Abstract


  • Virtualisation is a software emulation of hardware, allowing multiple OS to run inside a host OS
  • More broadly, isolation is a spectrum of techniques from lightweight process-level sandboxes to full hardware-level VMs

Type 1 hypervisor

Type 2 hypervisor

Isolation Spectrum


  • Different workloads need different trade-offs between isolation strength, performance, and flexibility
V8 Isolates (workerd)      ← process-level, lightest, JS/WASM only
       ↓
Containers (Docker/runc)   ← OS-level, shared kernel, namespaces + cgroups
       ↓
gVisor (Sentry)            ← user-space kernel, stronger than containers
       ↓
Firecracker (microVM)      ← hardware-level via KVM, own guest kernel
       ↓
QEMU (full VM)             ← full machine emulation, heaviest

V8 Isolates


  • The lightest form of isolation. Each isolate is a sandboxed instance of the V8 JavaScript engine (the same engine in Chrome and Node.js), running in its own memory space within a single process
  • Supports JavaScript, TypeScript, and WebAssembly (compiled from Rust, C, Go, etc.), but cannot run arbitrary system commands or access the filesystem
  • Cloudflare Workers uses this model via workerd, their open-source V8-based runtime. Multiple Workers run as separate isolates within the same process, making cold starts near-instant (milliseconds) with minimal memory overhead
  • The trade-off: fast and efficient, but restricted. No system calls, no arbitrary binaries. For workloads that need a full Linux environment, Firecracker or gVisor is needed

Device Model


  • In virtualisation, a device model is the set of virtual hardware devices that the hypervisor presents to the guest VM. This includes things like virtual network cards, virtual disks, serial consoles, and USB controllers. These are emulated versions of real IO devices
  • The guest VM interacts with these virtual devices as if they were real hardware, but the hypervisor translates those interactions to the actual host hardware via the Device Controller
  • A larger device model (more virtual devices) means more code paths, which increases the attack surface. Firecracker deliberately uses a minimal device model (virtio-net, virtio-block, serial console) with no USB controllers, no PCI bus, and no GPU support

PCI Passthrough


  • A technique that lets a VM directly access a physical PCI device (like a GPU) on the host via the PCI bus, bypassing the hypervisor for near-native performance
  • The VM talks directly to the hardware through the host’s PCI bus, so the hypervisor is not in the data path
  • Firecracker does not support PCI passthrough because it does not emulate a PCI bus at all. This is a deliberate design choice to keep the Device Model minimal. As a result, Firecracker microVMs cannot use GPUs
  • gVisor takes a different approach with NVProxy, intercepting GPU calls at the syscall level instead of using PCI passthrough

Firecracker


  • Firecracker runs microVMs, which are extremely lightweight virtual machines that run on top of KVM (Kernel-based Virtual Machine)
  • KVM is a Linux kernel module that turns the host kernel into a type 1 hypervisor. Similar to how FUSE is a kernel module that enables user-space filesystems, KVM is a kernel module that enables the kernel to manage virtual machines
  • Each microVM runs its own separate guest kernel, providing hardware-level isolation that’s much stronger than container (OS-level) isolation
  • Because they boot extremely fast and use very little memory, they’re used by AWS Lambda and AWS Fargate to safely run multi-tenant workloads at massive scale

KVM as an attack surface

MicroVMs still go through KVM and the host kernel to access hardware: guest kernel → hypercall → KVM → host kernel → hardware. This means KVM is part of the attack surface. A vulnerability in KVM could theoretically allow an attacker to escape the microVM.

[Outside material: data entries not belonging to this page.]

lemma test_vector_separation:
  fixes C :: "('a::topological_space smeasure \<times> 'a smeasure) set"
  assumes compact: "compact (UNIV :: 'a set)"
    and F: "finite F" "\<And>f. f \<in> F \<Longrightarrow> continuous_on UNIV f"
    and C: "convex_pairs C" "C \<subseteq> Vsp" "C \<noteq> {}" and "(v, w) \<in> Vsp" and "0 < d"
    and far: "\<And>c x. 0 \<le> c \<Longrightarrow> x \<in> C \<Longrightarrow> d \<le> (\<Sum>i\<in>F \<times> UNIV. (test_vector F (v, w) i - c * test_vector F x i)\<^sup>2)"
  obtains \<alpha> \<beta> where "continuous_on UNIV \<alpha>" "continuous_on UNIV \<beta>"
    "\<And>x. x \<in> C \<Longrightarrow> 0 \<le> sint (fst x) \<alpha> + sint (snd x) \<beta>" "sint v \<alpha> + sint w \<beta> < 0"
proof -
  define K where "K = {(\<lambda>i. c * test_vector F x i) | c x. 0 \<le> c \<and> x \<in> C}"
  have K_memI: "(\<lambda>i. c * test_vector F x i) \<in> K" if "0 \<le> c" "x \<in> C" for c x
    unfolding K_def using that by blast
  have "K \<noteq> {}"
    using C(3) K_memI[of 1] by force
  have cone: "(\<lambda>i. a * k1 i + b * k2 i) \<in> K" if "k1 \<in> K" "k2 \<in> K" "0 \<le> a" "0 \<le> b" for k1 k2 a b
    using nonneg_multiples_convex_cone[OF test_vector_convex_image[OF compact F(2) C(1,2)] that[unfolded K_def]]
    by (simp add: K_def)
  have "\<exists>u. (\<forall>k\<in>K. 0 \<le> (\<Sum>i\<in>F \<times> UNIV. u i * k i)) \<and> (\<Sum>i\<in>F \<times> UNIV. u i * test_vector F (v, w) i) < 0"
    by (rule cone_separation_finite[OF _ \<open>K \<noteq> {}\<close> cone _ \<open>0 < d\<close>]) (use F(1) far in \<open>auto simp: K_def\<close>)
  then obtain u where u: "\<And>k. k \<in> K \<Longrightarrow> 0 \<le> (\<Sum>i\<in>F \<times> UNIV. u i * k i)"
    "(\<Sum>i\<in>F \<times> UNIV. u i * test_vector F (v, w) i) < 0"
    by blast
  define \<alpha> where "\<alpha> = (\<lambda>z. \<Sum>f\<in>F. u (f, True) * f z)"
  define \<beta> where "\<beta> = (\<lambda>z. \<Sum>f\<in>F. u (f, False) * f z)"
  have pairing: "(\<Sum>i\<in>F \<times> UNIV. u i * test_vector F x i) = sint (fst x) \<alpha> + sint (snd x) \<beta>"
    if "x \<in> Vsp" for x
    using sum_test_vector[where F=F and x=x and u=u, OF compact F(2)] Vsp_signed_measure[OF that]
    by (simp add: \<alpha>_def \<beta>_def)
  show ?thesis
  proof (rule that[of \<alpha> \<beta>])
    show "continuous_on UNIV \<alpha>" "continuous_on UNIV \<beta>"
      unfolding \<alpha>_def \<beta>_def using F(2) by (auto intro!: continuous_on_sum continuous_on_mult_left)
    show "0 \<le> sint (fst x) \<alpha> + sint (snd x) \<beta>" if "x \<in> C" for x
      using u(1)[OF K_memI[of 1 x]] pairing[of x] that C(2) by auto
    show "sint v \<alpha> + sint w \<beta> < 0"
      using u(2) pairing[OF \<open>(v, w) \<in> Vsp\<close>] by simp
  qed
qed

lemma hatP_separation:
  fixes P :: "('a::topological_space smeasure \<times> 'a smeasure) set"
  assumes compact: "compact (UNIV :: 'a set)" and P: "thermo_theory P" "hatP P \<noteq> {}"
    and vw: "(v, w) \<in> Vsp" "(v, w) \<notin> hatP P"
  obtains \<alpha> \<beta> where "continuous_on UNIV \<alpha>" "continuous_on UNIV \<beta>"
    "\<And>dm q. (dm, q) \<in> P \<Longrightarrow> 0 \<le> sint dm \<alpha> + sint q \<beta>" "sint v \<alpha> + sint w \<beta> < 0"
proof -
  define S where "S = {((\<lambda>A. c * v A), (\<lambda>A. c * w A)) | c v w. c \<ge> 0 \<and> (v, w) \<in> P}"
  have hatP: "hatP P = wstar_closure S"
    by (simp only: hatP_def S_def)
  have "P \<subseteq> Vsp" and convex: "convex_pairs (hatP P)"
    using P(1) by (simp_all add: thermo_theory_def)
  have S_signed: "signed_measure (fst y) \<and> signed_measure (snd y)" if "y \<in> S" for y
    using that \<open>P \<subseteq> Vsp\<close>
    by (auto simp: S_def signed_measure_lincomb[where b=0, simplified] dest!: Vsp_signed_measure)
  have S_scale: "((\<lambda>A. c * fst y A), (\<lambda>A. c * snd y A)) \<in> S" if "y \<in> S" "0 \<le> c" for y c
    using that unfolding S_def by (force simp: mult.assoc[symmetric])
  obtain F \<epsilon> where F: "finite F" "\<And>f. f \<in> F \<Longrightarrow> continuous_on UNIV f" and "0 < \<epsilon>"
    and sep: "\<And>y. y \<in> S \<Longrightarrow>
      \<exists>f\<in>F. \<epsilon> \<le> \<bar>sint (fst y) f - sint (fst (v, w)) f\<bar> \<or> \<epsilon> \<le> \<bar>sint (snd y) f - sint (snd (v, w)) f\<bar>"
    using not_in_wstar_closure[OF vw(1) vw(2)[unfolded hatP]] by blast
  have far: "(\<epsilon> / 2)\<^sup>2 \<le> (\<Sum>i\<in>F \<times> UNIV. (test_vector F (v, w) i - c * test_vector F x i)\<^sup>2)"
    if "0 \<le> c" "x \<in> hatP P" for c x
  proof -
    have "\<exists>f\<in>F. \<epsilon> / 2 \<le> \<bar>c * sint (fst x) f - sint v f\<bar> \<or> \<epsilon> / 2 \<le> \<bar>c * sint (snd x) f - sint w f\<bar>"
      using S_signed S_scale hatP that
      by (intro wstar_closure_scaled_far[OF compact _ _ F \<open>0 < \<epsilon>\<close> sep[simplified]]) auto
    then obtain f where "f \<in> F"
      and "\<epsilon> / 2 \<le> \<bar>c * sint (fst x) f - sint v f\<bar> \<or> \<epsilon> / 2 \<le> \<bar>c * sint (snd x) f - sint w f\<bar>"
      by blast
    then show ?thesis
      using sum_sq_test_vector_ge[OF F(1) \<open>f \<in> F\<close>, where \<epsilon>="\<epsilon> / 2"] \<open>0 < \<epsilon>\<close> by simp
  qed
  have "0 < (\<epsilon> / 2)\<^sup>2"
    using \<open>0 < \<epsilon>\<close> by simp
  then obtain \<alpha> \<beta> where "continuous_on UNIV \<alpha>" "continuous_on UNIV \<beta>"
    and pos: "\<And>x. x \<in> hatP P \<Longrightarrow> 0 \<le> sint (fst x) \<alpha> + sint (snd x) \<beta>" and "sint v \<alpha> + sint w \<beta> < 0"
    using test_vector_separation[OF compact F convex hatP_subset_Vsp P(2) vw(1) _ far] by blast
  moreover have "0 \<le> sint dm \<alpha> + sint q \<beta>" if "(dm, q) \<in> P" for dm q
    using pos[of "(dm, q)"] subset_hatP[OF \<open>P \<subseteq> Vsp\<close>] that by auto
  ultimately show ?thesis
    using that by blast
qed

section \<open>Clausius-Duhem pairs\<close>

lemma small_multiple_below_positive:
  fixes g h :: "'a::topological_space \<Rightarrow> real"
  assumes compact: "compact (UNIV :: 'a set)" and g: "continuous_on UNIV g" "\<And>x. 0 < g x"
    and h: "continuous_on UNIV h"
  obtains \<kappa> where "0 < \<kappa>" "\<And>x. \<kappa> * h x < g x"
proof -
  obtain x0 where x0: "\<And>x. g x0 \<le> g x"
    using continuous_attains_inf[OF compact UNIV_not_empty g(1)] by blast
  obtain B where B: "\<And>x. \<bar>h x\<bar> \<le> B"
    using continuous_on_compact_UNIV_bounded_borel(2)[OF compact h] by (auto simp: bounded_real)
  define \<kappa> where "\<kappa> = g x0 / (B + 1)"
  have "0 \<le> B"
    using B[of x0] by linarith
  then have "0 < \<kappa>"
    using g(2)[of x0] by (simp add: \<kappa>_def)
  moreover have "\<kappa> * h x < g x" for x
  proof -
    have "\<kappa> * h x \<le> \<kappa> * B"
      using B[of x] \<open>0 < \<kappa>\<close> by (intro mult_left_mono) (auto simp: abs_le_iff)
    also have "\<dots> < g x0"
      using g(2)[of x0] \<open>0 \<le> B\<close> by (simp add: \<kappa>_def field_simps)
    finally show ?thesis
      using x0[of x] by linarith
  qed
  ultimately show ?thesis
    using that by blast
qed

lemma CD_pair_perturbation:
  fixes P :: "('a::topological_space smeasure \<times> 'a smeasure) set"
  assumes compact: "compact (UNIV :: 'a set)" and "P \<subseteq> Vsp" and CD: "CD_pair P \<eta>0 T0"
    and \<alpha>: "continuous_on UNIV \<alpha>" and \<beta>: "continuous_on UNIV \<beta>"
    and pos: "\<And>dm q. (dm, q) \<in> P \<Longrightarrow> 0 \<le> sint dm \<alpha> + sint q \<beta>"
  obtains \<eta> T \<kappa> where "CD_pair P \<eta> T" "0 < \<kappa>"
    "\<And>\<mu> \<nu>. signed_measure \<mu> \<Longrightarrow> signed_measure \<nu> \<Longrightarrow>
       sint \<mu> \<eta> - sint \<nu> (\<lambda>x. 1 / T x) = sint \<mu> \<eta>0 - sint \<nu> (\<lambda>x. 1 / T0 x) + \<kappa> * (sint \<mu> \<alpha> + sint \<nu> \<beta>)"
proof -
  have \<eta>0: "continuous_on UNIV \<eta>0" and T0: "continuous_on UNIV T0" "\<And>x. 0 < T0 x"
    and CD0: "\<And>dm q. (dm, q) \<in> P \<Longrightarrow> sint q (\<lambda>x. 1 / T0 x) \<le> sint dm \<eta>0"
    using CD by (auto simp: CD_pair_def)
  have inv_T0: "continuous_on UNIV (\<lambda>x. 1 / T0 x)"
    by (intro continuous_on_divide continuous_on_const T0(1)) (metis T0(2) less_irrefl)
  obtain \<kappa> where "0 < \<kappa>" and small: "\<And>x. \<kappa> * \<beta> x < 1 / T0 x"
    using small_multiple_below_positive[OF compact inv_T0 _ \<beta>] T0(2) by auto
  define \<eta> where "\<eta> = (\<lambda>x. 1 * \<eta>0 x + \<kappa> * \<alpha> x)"
  define g where "g = (\<lambda>x. 1 * (1 / T0 x) + (- \<kappa>) * \<beta> x)"
  have g: "continuous_on UNIV g" "\<And>x. 0 < g x"
    unfolding g_def by (intro continuous_on_add continuous_on_mult continuous_on_const inv_T0 \<beta>) (use small in simp_all)
  note bb = continuous_on_compact_UNIV_bounded_borel[OF compact]
  have sint_eq: "sint \<mu> \<eta> - sint \<nu> (\<lambda>x. 1 / (1 / g x)) = sint \<mu> \<eta>0 - sint \<nu> (\<lambda>x. 1 / T0 x) + \<kappa> * (sint \<mu> \<alpha> + sint \<nu> \<beta>)"
    if "signed_measure \<mu>" "signed_measure \<nu>" for \<mu> \<nu>
    using sint_lincomb_fun[OF that(1) bb[OF \<eta>0] bb[OF \<alpha>], of 1 \<kappa>]
      sint_lincomb_fun[OF that(2) bb[OF inv_T0] bb[OF \<beta>], of 1 "- \<kappa>"]
    by (simp add: \<eta>_def g_def algebra_simps)
  have "CD_pair P \<eta> (\<lambda>x. 1 / g x)"
    unfolding CD_pair_def
  proof (intro conjI allI ballI)
    show "continuous_on UNIV \<eta>"
      unfolding \<eta>_def using \<eta>0 \<alpha> by (intro continuous_intros)
    show "continuous_on UNIV (\<lambda>x. 1 / g x)"
      by (intro continuous_on_divide continuous_on_const g(1)) (metis g(2) less_irrefl)
    show "0 < 1 / g x" for x
      using g(2)[of x] by simp
    fix z assume "z \<in> P"
    then obtain dm q where z: "z = (dm, q)" "(dm, q) \<in> P"
      by (cases z) auto
    then have "signed_measure dm" "signed_measure q"
      using \<open>P \<subseteq> Vsp\<close> Vsp_signed_measure by fastforce+
    moreover have "0 \<le> \<kappa> * (sint dm \<alpha> + sint q \<beta>)"
      using \<open>0 < \<kappa>\<close> pos[OF z(2)] by simp
    ultimately show "case z of (dm, q) \<Rightarrow> sint q (\<lambda>x. 1 / (1 / g x)) \<le> sint dm \<eta>"
      unfolding z(1) prod.case using sint_eq CD0[OF z(2)] by fastforce
  qed
  then show ?thesis
    using that \<open>0 < \<kappa>\<close> sint_eq by blast
qed

theorem lemma3p2:
  fixes P :: "(('a::t2_space) smeasure \<times> 'a smeasure) set"
    and \<eta>0 T0 :: "'a \<Rightarrow> real"
    and v w :: "'a smeasure"
  assumes "compact (UNIV :: 'a set)"
    and "kelvin_planck P"
    and "CD_pair P \<eta>0 T0"
    and "(v, w) \<in> Vsp"
    and "sint v \<eta>0 - sint w (\<lambda>x. 1 / T0 x) = 0"
    and "(v, w) \<notin> hatP P"
  shows "\<exists>\<eta> T. CD_pair P \<eta> T \<and> sint v \<eta> - sint w (\<lambda>x. 1 / T x) < 0"
proof -
  have P: "thermo_theory P" "hatP P \<noteq> {}" and "P \<subseteq> Vsp"
    using assms(2) by (auto simp: kelvin_planck_def thermo_theory_def)
  obtain \<alpha> \<beta> where \<alpha>\<beta>: "continuous_on UNIV \<alpha>" "continuous_on UNIV \<beta>"
    and pos: "\<And>dm q. (dm, q) \<in> P \<Longrightarrow> 0 \<le> sint dm \<alpha> + sint q \<beta>" and neg: "sint v \<alpha> + sint w \<beta> < 0"
    using hatP_separation[OF assms(1) P assms(4,6)] by blast
  obtain \<eta> T \<kappa> where "CD_pair P \<eta> T" "0 < \<kappa>"
    and shift: "\<And>\<mu> \<nu>. signed_measure \<mu> \<Longrightarrow> signed_measure \<nu> \<Longrightarrow>
       sint \<mu> \<eta> - sint \<nu> (\<lambda>x. 1 / T x) = sint \<mu> \<eta>0 - sint \<nu> (\<lambda>x. 1 / T0 x) + \<kappa> * (sint \<mu> \<alpha> + sint \<nu> \<beta>)"
    using CD_pair_perturbation[OF assms(1) \<open>P \<subseteq> Vsp\<close> assms(3) \<alpha>\<beta> pos] by blast
  have "sint v \<eta> - sint w (\<lambda>x. 1 / T x) = \<kappa> * (sint v \<alpha> + sint w \<beta>)"
    using shift Vsp_signed_measure[OF assms(4)] assms(5) by simp
  also have "\<dots> < 0"
    using \<open>0 < \<kappa>\<close> neg by (rule mult_pos_neg)
  finally show ?thesis
    using \<open>CD_pair P \<eta> T\<close> by blast
qed

end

This risk is mitigated by:

  • KVM’s codebase is small and heavily audited (it’s in the mainline Linux kernel)
  • Firecracker’s minimal Device Model reduces code paths that could be exploited
  • Firecracker uses seccomp filters and a jailer process to restrict what the VMM process itself can do, even if compromised

gVisor


  • gVisor is a container runtime that improves security by running applications inside a user-space kernel called Sentry, which intercepts and emulates system calls instead of letting them reach the host kernel directly
  • runsc is gVisor’s runtime binary that replaces Docker’s default runc. It is responsible for setting up and launching the Sentry kernel inside the sandbox. runsc is the runtime, Sentry is the user-space kernel
  • This design greatly reduces the attack surface and protects the host from compromised containers, though it comes with some performance overhead
  • In the Isolation Spectrum, gVisor sits between regular containers and Firecracker. It offers stronger isolation than Linux Namespace + cgroups alone, but less than hardware-based microVMs

NVProxy

  • gVisor’s GPU bridge that intercepts CUDA calls from the sandbox and proxies them to the host’s NVIDIA driver. This is possible because gVisor operates at the syscall level, allowing it to selectively forward GPU-related calls while still sandboxing everything else
  • Firecracker cannot do this because its minimal Device Model lacks PCI Passthrough entirely
  • Despite some overhead from the proxying layer, NVProxy supports most CUDA-based AI workloads effectively, making gVisor suitable for secure GPU compute where slight speed trade-offs are acceptable

Virtualisation Tools


Vagrant

  • A piece of software to manage VMs with ease
  1. Install VirtualBox
  2. Install Vagrant
brew tap hashicorp/tap
brew install hashicorp/tap/hashicorp-vagrant
vagrant plugin install vagrant-share

QEMU

  • Powerful open-source machine emulator and virtualizer
brew install qemu